══ Source data ══

lemma image_edge_in_doubletons:
  assumes "e \<in> doubletons k" "f \<in> assignments k n"
  shows "f ` e \<in> doubletons n"
proof -
  obtain a b where ab: "a \<noteq> b" "a < k" "b < k" "e = {a, b}"
    using assms(1) by (auto simp: doubletons_def)
  have f: "inj_on f {0..<k}" "f \<in> {0..<k} \<rightarrow>\<^sub>E {0..<n}"
    using assms(2) by (simp_all add: assignments_def)
  have "f a \<noteq> f b"
    using inj_on_contraD[OF f(1) ab(1)] ab(2,3) by simp
  moreover have "f a < n" "f b < n"
    using PiE_mem[OF f(2)] ab(2,3) by simp_all
  ultimately show ?thesis
    unfolding doubletons_def ab(4) by blast
qed

lemma prod_edges_eq_prod_pdeg:
  fixes x :: "nat \<Rightarrow> 'a::comm_monoid_mult"
  assumes "Ep \<subseteq> doubletons k"
  shows "(\<Prod>e\<in>Ep. \<Prod>a\<in>e. x a) = (\<Prod>v<k. x v ^ pdeg Ep v)"
proof -
  have fin: "finite Ep" using assms finite_doubletons finite_subset by blast
  have "(\<Prod>e\<in>Ep. \<Prod>a\<in>e. x a) = (\<Prod>e\<in>Ep. \<Prod>a<k. if a \<in> e then x a else 1)"
  proof (rule prod.cong[OF refl])
    fix e assume "e \<in> Ep"
    then have "{a\<in>{..<k}. a \<in> e} = e" using assms by (auto simp: doubletons_def)
    then show "(\<Prod>a\<in>e. x a) = (\<Prod>a<k. if a \<in> e then x a else 1)"
      by (simp add: prod.inter_filter[symmetric])
  qed
  also have "\<dots> = (\<Prod>a<k. \<Prod>e\<in>Ep. if a \<in> e then x a else 1)"
    by (rule prod.swap)
  also have "\<dots> = (\<Prod>v<k. x v ^ pdeg Ep v)"
    using fin by (simp add: prod.inter_filter[symmetric] pdeg_def)
  finally show ?thesis .
qed

definition PR_edges :: "nat \<Rightarrow> real \<Rightarrow> (nat \<Rightarrow> nat) \<Rightarrow> (nat set \<Rightarrow> bool) pmf" where
  "PR_edges n \<rho> W = Pi_pmf (doubletons n) False (\<lambda>e. bernoulli_pmf (\<rho> * (\<Prod>u\<in>e. real (W u))))"

lemma PR_graph_eq_bind_PR_edges:
  "PR_graph n P \<rho> = Pi_pmf {0..<n} 0 (\<lambda>_. P) \<bind> (\<lambda>W. map_pmf (Pair W) (PR_edges n \<rho> W))"
  by (simp add: PR_graph_def PR_edges_def map_pmf_def)

lemma prob_Pi_pmf_bernoulli_all:
  assumes "finite D" "F \<subseteq> D" "\<And>d. d \<in> F \<Longrightarrow> 0 \<le> q d" "\<And>d. d \<in> F \<Longrightarrow> q d \<le> 1"
  shows "measure_pmf.prob (Pi_pmf D False (\<lambda>d. bernoulli_pmf (q d))) {B. \<forall>d\<in>F. B d} = (\<Prod>d\<in>F. q d)"
proof -
  have "{B. \<forall>d\<in>F. B d} = Pi D (\<lambda>d. if d \<in> F then {True} else UNIV)"
    using assms(2) by (auto simp: Pi_def)
  then have "measure_pmf.prob (Pi_pmf D False (\<lambda>d. bernoulli_pmf (q d))) {B. \<forall>d\<in>F. B d}
      = (\<Prod>d\<in>D. measure_pmf.prob (bernoulli_pmf (q d)) (if d \<in> F then {True} else UNIV))"
    using measure_Pi_pmf_Pi[OF assms(1)] by simp
  also have "\<dots> = (\<Prod>d\<in>D. if d \<in> F then q d else 1)"
    using assms(3,4) by (intro prod.cong) (auto simp: measure_pmf_single)
  also have "\<dots> = (\<Prod>d\<in>{d \<in> D. d \<in> F}. q d)"
    using assms(1) by (simp add: prod.inter_filter)
  also have "{d \<in> D. d \<in> F} = F"
    using assms(2) by blast
  finally show ?thesis .
qed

═══

* [What you should do]: Copy every line of the entries in which "auto" can be found.

* [Expected answer]:
    using assms(1) by (auto simp: doubletons_def)
    then have "{a\<in>{..<k}. a \<in> e} = e" using assms by (auto simp: doubletons_def)
    using assms(2) by (auto simp: Pi_def)
    using assms(3,4) by (intro prod.cong) (auto simp: measure_pmf_single)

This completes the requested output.